When Using Sparkling Water External Backend:
^^^^^^^^^^^^^^^^^^^^^^^^^^^^^^^^^^^^^^^^^^^^

If you have allocated the recommended memory amount to your H2O cluster (4 x the size of your dataset),
you don't need to worry about memory constraints when converting between a Spark DataFrame
and an H2OFrame; there is no collision with Spark storage.

Note: the 4 x the size of your dataset assumes your dataset is represented as a CSV.
If your dataset is represented as JSON, XML or parquet, the requirements may differ significantly.

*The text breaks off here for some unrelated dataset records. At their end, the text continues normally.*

lemma avgF_lipschitz:
  fixes Fi :: "nat \<Rightarrow> 'a \<Rightarrow> 'a::real_normed_vector"
  assumes n: "1 \<le> n" and lip: "\<And>i. i < n \<Longrightarrow> norm (Fi i y - Fi i z) \<le> L * norm (y - z)"
  shows "norm (avgF n Fi y - avgF n Fi z) \<le> L * norm (y - z)"
proof -
  have "norm (avgF n Fi y - avgF n Fi z) = norm (\<Sum>i<n. Fi i y - Fi i z) / real n"
    unfolding avgF_def by (simp add: sum_subtractf scaleR_diff_right [symmetric])
  also have "\<dots> \<le> (\<Sum>i<n. norm (Fi i y - Fi i z)) / real n"
    by (intro divide_right_mono norm_sum) simp
  also have "\<dots> \<le> (\<Sum>i<n. L * norm (y - z)) / real n"
    using lip by (intro divide_right_mono sum_mono) simp_all
  also have "\<dots> = L * norm (y - z)" using n by simp
  finally show ?thesis .
qed

lemma extragradient_stepsize_bound:
  fixes \<gamma> L :: real
  assumes \<gamma>: "0 < \<gamma>" "\<gamma> \<le> 1 / (sqrt 12 * L)"
  shows "12 * \<gamma>^2 * L^2 \<le> 1"
proof -
  have L: "0 < L"
  proof (rule ccontr)
    assume "\<not> 0 < L"
    then have "1 / (sqrt 12 * L) \<le> 0" by (simp add: divide_le_0_iff mult_nonneg_nonpos)
    then show False using \<gamma> by linarith
  qed
  have "\<gamma> * (sqrt 12 * L) \<le> 1" using \<gamma> L by (simp add: le_divide_eq)
  then have "(\<gamma> * (sqrt 12 * L))^2 \<le> 1^2" using \<gamma> L by (intro power_mono) auto
  then show ?thesis by (simp add: power_mult_distrib)
qed

lemma convex_average_telescoping_bound:
  fixes \<psi> :: "'a::real_inner \<Rightarrow> real" and y :: "nat \<Rightarrow> 'a"
  assumes convex: "convex_on S \<psi>" and y: "\<And>k. k \<le> K \<Longrightarrow> y k \<in> S" and \<gamma>: "0 < \<gamma>"
    and step: "\<And>k. k \<le> K \<Longrightarrow> inner a (y k - u) + \<psi> (y k) - c
        \<le> (d k - d (Suc k)) / (2 * \<gamma>) + \<gamma> * e k + t k"
  defines "yavg \<equiv> (1 / (real K + 1)) *\<^sub>R (\<Sum>k\<le>K. y k)"
  shows "yavg \<in> S"
    and "inner a (yavg - u) + \<psi> yavg - c
      \<le> (d 0 - d (K + 1)) / (2 * \<gamma> * (real K + 1)) + \<gamma> / (real K + 1) * (\<Sum>k\<le>K. e k)
         + 1 / (real K + 1) * (\<Sum>k\<le>K. t k)"
proof -
  define w where "w = 1 / (real K + 1)"
  have w: "0 < w" "(\<Sum>k\<le>K. w) = 1" unfolding w_def by simp_all
  have yavg: "yavg = (\<Sum>k\<le>K. w *\<^sub>R y k)" unfolding yavg_def w_def by (simp add: scaleR_sum_right)
  show "yavg \<in> S"
    unfolding yavg using convex_sum[OF _ convex_on_imp_convex[OF convex] w(2)] w y by simp
  have jensen: "\<psi> yavg \<le> (\<Sum>k\<le>K. w * \<psi> (y k))"
    unfolding yavg using convex_on_sum[OF _ _ convex w(2)] w y by simp
  have "(\<Sum>k\<le>K. w *\<^sub>R u) = u"
    using w(2) by (simp flip: scaleR_sum_left)
  then have "yavg - u = (\<Sum>k\<le>K. w *\<^sub>R (y k - u))"
    unfolding yavg by (simp add: scaleR_diff_right sum_subtractf)
  then have lin: "inner a (yavg - u) = (\<Sum>k\<le>K. w * inner a (y k - u))"
    by (simp add: inner_sum_right)
  have "(\<Sum>k\<le>K. w * c) = c" unfolding w_def by (simp add: add.commute)
  then have "(\<Sum>k\<le>K. w * (inner a (y k - u) + \<psi> (y k) - c))
      = (\<Sum>k\<le>K. w * inner a (y k - u)) + (\<Sum>k\<le>K. w * \<psi> (y k)) - c"
    by (simp only: right_diff_distrib distrib_left sum.distrib sum_subtractf)
  then have "inner a (yavg - u) + \<psi> yavg - c \<le> (\<Sum>k\<le>K. w * (inner a (y k - u) + \<psi> (y k) - c))"
    using jensen lin by linarith
  also have "\<dots> \<le> (\<Sum>k\<le>K. w * ((d k - d (Suc k)) / (2 * \<gamma>) + \<gamma> * e k + t k))"
    using step w by (intro sum_mono mult_left_mono) auto
  also have "\<dots> = w * ((\<Sum>k\<le>K. d k - d (Suc k)) / (2 * \<gamma>) + \<gamma> * (\<Sum>k\<le>K. e k) + (\<Sum>k\<le>K. t k))"
    by (simp only: sum_distrib_left[symmetric] sum.distrib sum_divide_distrib[symmetric])
  also have "(\<Sum>k\<le>K. d k - d (Suc k)) = d 0 - d (K + 1)" by (simp add: sum_telescope)
  also have "w * ((d 0 - d (K + 1)) / (2 * \<gamma>) + \<gamma> * (\<Sum>k\<le>K. e k) + (\<Sum>k\<le>K. t k))
      = (d 0 - d (K + 1)) / (2 * \<gamma> * (real K + 1)) + \<gamma> / (real K + 1) * (\<Sum>k\<le>K. e k)
         + 1 / (real K + 1) * (\<Sum>k\<le>K. t k)"
  proof -
    have "1 / k * (P / (2 * \<gamma>) + \<gamma> * E + T) = P / (2 * \<gamma> * k) + \<gamma> / k * E + 1 / k * T"
      if "0 < k" for k P E T :: real
      using \<gamma> that by (simp add: field_simps)
    then show ?thesis unfolding w_def by simp
  qed
  finally show "inner a (yavg - u) + \<psi> yavg - c
      \<le> (d 0 - d (K + 1)) / (2 * \<gamma> * (real K + 1)) + \<gamma> / (real K + 1) * (\<Sum>k\<le>K. e k)
         + 1 / (real K + 1) * (\<Sum>k\<le>K. t k)" .
qed
(* Let $A$ be a C*-algebra. Then for each subset $S\subseteq A_+$ the sets $\mathrm{Ann}(S)$ and $\mathrm{Ann}(\mathrm{Ann}(S))$ are C*-subalgebras of $A$, and $xAx\subseteq\mathrm{Ann}(S)$, $yAy\subseteq\mathrm{Ann}(\mathrm{Ann}(S))$ for all $x\in\mathrm{Ann}(S)$, $y\in\mathrm{Ann}(\mathrm{Ann}(S))$. Moreover, the set ${}^d(\mathrm{Ann}(\mathrm{Ann}(S)))\cap{}^d(\mathrm{Ann}(S))$ is a Banach space (a norm-closed linear subspace of $A$).
   Context: For $S\subseteq A$, $\mathrm{Ann}(S)=\{a\in A: as+sa=0\ \forall s\in S\}$. For $V\subseteq A$, ${}^dV=\{a\in A: xay+yax=0 \text{ for all } x,y\in V\}$. $A_+$ is the set of positive elements of $A$. *)

theory Defs
  imports Complex_Main
begin

text \<open>A C*-algebra: a complex Banach algebra (not necessarily unital, as HOL's class
ring has no unit) with complex scalar multiplication scaleC compatible with the
real one, and an involution adj satisfying the C*-identity.\<close>

class cstar_algebra = banach + real_normed_algebra +
  fixes scaleC :: "complex \<Rightarrow> 'a \<Rightarrow> 'a"
    and adj :: "'a \<Rightarrow> 'a"
  assumes scaleC_of_real: "scaleC (complex_of_real r) x = scaleR r x"
    and scaleC_add_right: "scaleC c (x + y) = scaleC c x + scaleC c y"
    and scaleC_add_left: "scaleC (c + d) x = scaleC c x + scaleC d x"
    and scaleC_scaleC: "scaleC c (scaleC d x) = scaleC (c * d) x"
    and scaleC_one: "scaleC 1 x = x"
    and scaleC_mult_left: "scaleC c x * y = scaleC c (x * y)"
    and scaleC_mult_right: "x * scaleC c y = scaleC c (x * y)"
    and norm_scaleC: "norm (scaleC c x) = cmod c * norm x"
    and adj_add: "adj (x + y) = adj x + adj y"
    and adj_scaleC: "adj (scaleC c x) = scaleC (cnj c) (adj x)"
    and adj_mult: "adj (x * y) = adj y * adj x"
    and adj_adj: "adj (adj x) = x"
    and cstar_identity: "norm (adj x * x) = norm x ^ 2"

context cstar_algebra
begin

text \<open>Spectrum of a computed in the unitization of A. For a nonzero lambda,
a - lambda*1 is invertible in the unitization iff there is c in A with
(a - lambda)(c - 1/lambda) = 1 = (c - 1/lambda)(a - lambda), i.e. the equations below.
0 always lies in the spectrum computed in the unitization.\<close>
definition cspectrum :: "'a \<Rightarrow> complex set" where
  "cspectrum a = {l. l = 0 \<or>
     \<not> (\<exists>c. a * c - scaleC (1 / l) a - scaleC l c = 0 \<and>
             c * a - scaleC (1 / l) a - scaleC l c = 0)}"

definition positive :: "'a \<Rightarrow> bool" where
  "positive a \<longleftrightarrow> adj a = a \<and> cspectrum a \<subseteq> complex_of_real ` {0..}"

definition Ann :: "'a set \<Rightarrow> 'a set" where
  "Ann S = {a. \<forall>s\<in>S. a * s + s * a = 0}"

definition dAnn :: "'a set \<Rightarrow> 'a set" where
  "dAnn V = {a. \<forall>x\<in>V. \<forall>y\<in>V. x * a * y + y * a * x = 0}"

definition closed_csubspace :: "'a set \<Rightarrow> bool" where
  "closed_csubspace B \<longleftrightarrow> 0 \<in> B \<and> (\<forall>x\<in>B. \<forall>y\<in>B. x + y \<in> B) \<and>
     (\<forall>c. \<forall>x\<in>B. scaleC c x \<in> B) \<and> closed B"

definition cstar_subalgebra :: "'a set \<Rightarrow> bool" where
  "cstar_subalgebra B \<longleftrightarrow> closed_csubspace B \<and>
     (\<forall>x\<in>B. \<forall>y\<in>B. x * y \<in> B) \<and> (\<forall>x\<in>B. adj x \<in> B)"

end

end

theory Submission
  imports Defs "HOL-Analysis.Analysis" "HOL-Computational_Algebra.Fundamental_Theorem_Algebra"
begin

text \<open>An element \<open>a\<close> anticommuting with a positive \<open>s\<close> must annihilate it: \<open>a\<close> commutes with \<open>s\<^sup>2\<close>,
  hence with every even polynomial in \<open>s\<close>, and such polynomials approximate \<open>s\<close> in norm because
  \<open>\<parallel>p(s)\<parallel> \<le> sup\<^bsub>[0,\<parallel>s\<parallel>]\<^esub> |p|\<close> (spectral mapping plus the spectral radius formula for self-adjoint
  elements, both proved elementarily in the unitization). So \<open>a s = - s a = s a\<close> gives \<open>a s = s a = 0\<close>.
  Consequently \<open>Ann S\<close> annihilates \<open>S\<close> on both sides, which makes it closed under products and under
  \<open>x a y\<close>; being also closed under the adjoint, it is a C*-subalgebra. An element \<open>y\<close> anticommuting
  with a C*-subalgebra \<open>B\<close> annihilates it, since \<open>y\<close> commutes and anticommutes with \<open>x\<^sup>*x\<close>, so
  \<open>\<parallel>x y\<parallel>\<^sup>2 = \<parallel>y\<^sup>*x\<^sup>*x y\<parallel> = 0\<close>; this gives the same conclusions for \<open>Ann (Ann S)\<close>.\<close>

hide_const (open) Sigma_Algebra.positive

lemma additive_scaleC_right: "Modules.additive (scaleC c :: 'a::cstar_algebra \<Rightarrow> 'a)"
  by (rule Modules.additive.intro) (rule scaleC_add_right)

lemma additive_scaleC_left: "Modules.additive (\<lambda>c. scaleC c (x :: 'a::cstar_algebra))"
  by (rule Modules.additive.intro) (rule scaleC_add_left)

lemma additive_adj: "Modules.additive (adj :: 'a::cstar_algebra \<Rightarrow> 'a)"
  by (rule Modules.additive.intro) (rule adj_add)

lemmas scaleC_zero_right [simp] = Modules.additive.zero[OF additive_scaleC_right]
  and scaleC_minus_right = Modules.additive.minus[OF additive_scaleC_right]
  and scaleC_diff_right = Modules.additive.diff[OF additive_scaleC_right]
  and scaleC_sum = Modules.additive.sum[OF additive_scaleC_right]
  and scaleC_zero_left [simp] = Modules.additive.zero[OF additive_scaleC_left]
  and scaleC_minus_left = Modules.additive.minus[OF additive_scaleC_left]
  and adj_zero [simp] = Modules.additive.zero[OF additive_adj]
  and adj_sum = Modules.additive.sum[OF additive_adj]

lemma bounded_linear_scaleC: "bounded_linear (scaleC c :: 'a::cstar_algebra \<Rightarrow> 'a)"
proof (rule bounded_linear_intro[where K="cmod c"])
  show "scaleC c (r *\<^sub>R x) = r *\<^sub>R scaleC c x" for r and x :: 'a
    by (simp add: scaleC_scaleC mult.commute flip: scaleC_of_real)
qed (simp_all add: scaleC_add_right norm_scaleC mult.commute)

section \<open>The unitization\<close>

datatype 'a unitz = U complex 'a

lemma unitz_mult_assoc_components:
  fixes x y z :: "'a::cstar_algebra"
  shows "scaleC (a*b) z + scaleC c (scaleC a y + scaleC b x + x*y) + (scaleC a y + scaleC b x + x*y)*z
    = scaleC a (scaleC b z + scaleC c y + y*z) + scaleC (b*c) x + x*(scaleC b z + scaleC c y + y*z)"
  apply (simp only: scaleC_add_right scaleC_scaleC distrib_left distrib_right scaleC_mult_left
      scaleC_mult_right mult.assoc)
  apply (simp only: mult.commute[of c a] mult.commute[of c b] add.assoc)
  apply (simp only: add.left_commute)
  done

instantiation unitz :: (cstar_algebra) ring_1
begin
fun plus_unitz where "U a x + U b y = U (a + b) (x + y)"
fun times_unitz where "U a x * U b y = U (a * b) (scaleC a y + scaleC b x + x * y)"
fun uminus_unitz where "- U a x = U (- a) (- x)"
fun minus_unitz where "U a x - U b y = U (a - b) (x - y)"
definition zero_unitz where "0 = U 0 0"
definition one_unitz where "1 = U 1 0"
instance
proof
  fix p q r :: "'a unitz"
  show "p * q * r = p * (q * r)"
    by (cases p; cases q; cases r) (simp only: times_unitz.simps unitz_mult_assoc_components mult.assoc)
  show "p + q + r = p + (q + r)" by (cases p; cases q; cases r) (simp only: plus_unitz.simps add.assoc)
  show "p + q = q + p" by (cases p; cases q) (simp only: plus_unitz.simps add.commute)
  show "0 + p = p" by (cases p) (simp only: zero_unitz_def plus_unitz.simps add_0_left)
  show "- p + p = 0"
    by (cases p) (simp only: zero_unitz_def plus_unitz.simps uminus_unitz.simps left_minus)
  show "p - q = p + - q"
    by (cases p; cases q) (simp only: minus_unitz.simps uminus_unitz.simps plus_unitz.simps diff_conv_add_uminus)
  show "1 * p = p" "p * 1 = p" by (cases p; simp add: one_unitz_def scaleC_one)+
  show "(p + q) * r = p * r + q * r" "p * (q + r) = p * q + p * r"
    by (cases p; cases q; cases r; simp add: scaleC_add_right scaleC_add_left algebra_simps)+
  show "(0::'a unitz) \<noteq> 1" by (simp add: zero_unitz_def one_unitz_def)
qed
end

definition ucst :: "complex \<Rightarrow> 'a::cstar_algebra unitz" where "ucst c = U c 0"
definition uemb :: "'a::cstar_algebra \<Rightarrow> 'a unitz" where "uemb x = U 0 x"
fun uscalar :: "'a unitz \<Rightarrow> complex" where "uscalar (U a x) = a"
fun uvector :: "'a unitz \<Rightarrow> 'a" where "uvector (U a x) = x"
lemma simplex_generator_card_columns_in_span:
  fixes G :: "'a::{finite,field}^'n::finite^'k::finite"
  assumes "simplex_generator G"
  shows "real (card {j. column j G \<in> vec.span W})
    = real CARD('n) * (real CARD('a) ^ vec.dim W - 1) / (real CARD('a) ^ CARD('k) - 1)"
proof -
  have q: "1 < real CARD('a)" using two_le_card_field[where 'a='a] by simp
  have count: "(real CARD('a) - 1) * real (card {j. column j G \<in> vec.span S})
      = real CARD('a) ^ vec.dim S - 1" for S :: "('a^'k) set"
  proof -
    have "(CARD('a) - 1) * card {j. column j G \<in> vec.span S} = CARD('a) ^ vec.dim S - 1"
      using simplex_generator_card_columns_in_subspace[OF assms vec.subspace_span]
      by (simp add: card_span_eq_power_dim)
    then have "real ((CARD('a) - 1) * card {j. column j G \<in> vec.span S}) = real (CARD('a) ^ vec.dim S - 1)"
      by (rule arg_cong)
    then show ?thesis
      using q by (simp add: of_nat_diff)
  qed
  have count_UNIV: "(real CARD('a) - 1) * real CARD('n) = real CARD('a) ^ CARD('k) - 1"
    using count[of UNIV] by (simp add: card_cart_basis)
  have "real CARD('n) * (real CARD('a) ^ vec.dim W - 1) / (real CARD('a) ^ CARD('k) - 1)
      = real CARD('n) * ((real CARD('a) - 1) * real (card {j. column j G \<in> vec.span W}))
        / ((real CARD('a) - 1) * real CARD('n))"
    by (simp only: count count_UNIV)
  also have "\<dots> = real (card {j. column j G \<in> vec.span W})"
    using q by simp
  finally show ?thesis ..
qed

theorem mainTheorem2:
  fixes G :: "'a::{finite,field}^'n::finite^'k::finite"
    and q k n :: nat
  assumes "CARD('a) = q"
    and "k = CARD('k)" and "k \<ge> 2"
    and "n = CARD('n)" and "n = (q ^ k - 1) div (q - 1)"
    and "simplex_generator G"
  shows "expected_draws G =
    real k + (\<Sum>i = 1..k. (real q ^ (i - 1) - 1) / (real q ^ k - real q ^ (i - 1)))"
proof -
  define p where "p d = (real q ^ d - 1) / (real q ^ k - 1)" for d
  have q: "1 < real q"
    using two_le_card_field[where 'a = 'a] assms(1) by simp
  have "expected_draws G = (\<Sum>i<k. 1 / (1 - p i))"
    unfolding assms(2)
  proof (rule expected_draws_eq_sum)
    show "real (card {j. column j G \<in> vec.span W}) = real CARD('n) * p (vec.dim W)" for W
      using simplex_generator_card_columns_in_span[OF assms(6)] assms(1,2) by (simp add: p_def)
    show "0 \<le> p i \<and> p i < 1" if "i < CARD('k)" for i
    proof -
      have "1 \<le> real q ^ i" "real q ^ i < real q ^ k"
        using q that assms(2) by (simp_all add: one_le_power power_strict_increasing)
      then show ?thesis by (simp add: p_def)
    qed
  qed
  also have "\<dots> = real k + (\<Sum>i = 1..k. (real q ^ (i - 1) - 1) / (real q ^ k - real q ^ (i - 1)))"
    unfolding p_def using q by (rule sum_inverse_one_minus_power_ratio)
  finally show ?thesis .
qed

end
(* Let $\hat G=(\hat V,\hat E,w)$ be a weighted graph admitting a valid partition, and let $\mathcal{C}=\{C_1,\dots,C_m\}$ ($m>1$) be the minimal valid partition of $\hat V$. Suppose there is a claw w.r.t. $\mathcal{C}$, say $\{y_m\mid y_1,y_2,y_3\}$ with $y_i\in C_i$ for $i\in\{1,2,3,m\}$ (after relabeling clusters). For each $i\in[4,m-1]$ fix an arbitrary representative $y_i\in C_i$, let $V'=\{y_1,\dots,y_m\}$, and let $\mathsf{w}=w(y_1,y_m)=w(y_2,y_m)=w(y_3,y_m)$. Call a pair $\{y_a,y_b\}\subseteq V'$ light if $w(y_a,y_b)<\mathsf{w}$. Let $\mathsf{C}\subseteq V'$ be a maximum clique in the graph on $V'$ whose edges are the light pairs, among cliques containing $y_1,y_2,y_3$. For each $y_i\in\mathsf{C}$ let $\Pi_i=(C_i,\ \bigcup_{\ell\ne i}C_\ell)$. Then $\hat G$ has a valid bi-partition if and only if $\Pi_i$ is valid for some $y_i\in\mathsf{C}$.
   Context: Weights are symmetric, nonnegative, $0$ for non-edges. A partition $\mathcal{S}=(S_1,\dots,S_t)$, $t>1$, of $\hat V$ into nonempty disjoint sets is valid w.r.t. $\hat G$ if (i) for every triple of distinct vertices $v_i,v_j,v_k$ with $w_{ij}>\max\{w_{ik},w_{jk}\}$, either all three lie in the same part, or $v_i,v_j$ lie in one part and $v_k$ in another; and (ii) for every triple with $w_{ij}=w_{ik}>w_{jk}$, it is not the case that $v_j,v_k$ lie in the same part while $v_i$ lies in a different part. A valid bi-partition is a valid partition with two parts. The minimal valid partition is a valid partition $\mathcal{C}$ that refines every valid partition (each part of $\mathcal{C}$ is contained in some part of any other valid partition); it exists whenever a valid partition exists. Four vertices $\{v_i\mid v_j,v_k,v_\ell\}$ form a claw w.r.t. $\mathcal{C}$ if they lie in four different parts of $\mathcal{C}$ and $w_{ij}=w_{ik}=w_{i\ell}>\max\{w_{jk},w_{j\ell},w_{k\ell}\}$. *)

theory Defs
  imports Complex_Main
begin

When Using Sparkling Water Internal Backend:
^^^^^^^^^^^^^^^^^^^^^^^^^^^^^^^^^^^^^^^^^^^^

In the internal backend mode, H2O-3 shares the JVM with Spark executors. In this case, you will want to
allocate enough memory to run Spark transformations on your DataFrame (which means allocating a
minimum memory of your dataset and memory for those transformations), plus allocate an additional 4 x the
size of your dataset.

Note: there is data duplication when you convert between a Spark DataFrame and an
H2Oframe (though H2O uses compression tricks to help reduce the memory requirements for this
conversion); there is no data duplication when you convert between an H2OFrame and
a Spark DataFrame because Sparkling Water uses a wrapper around the H2OFrame, which
uses the RDD/DataFrame API.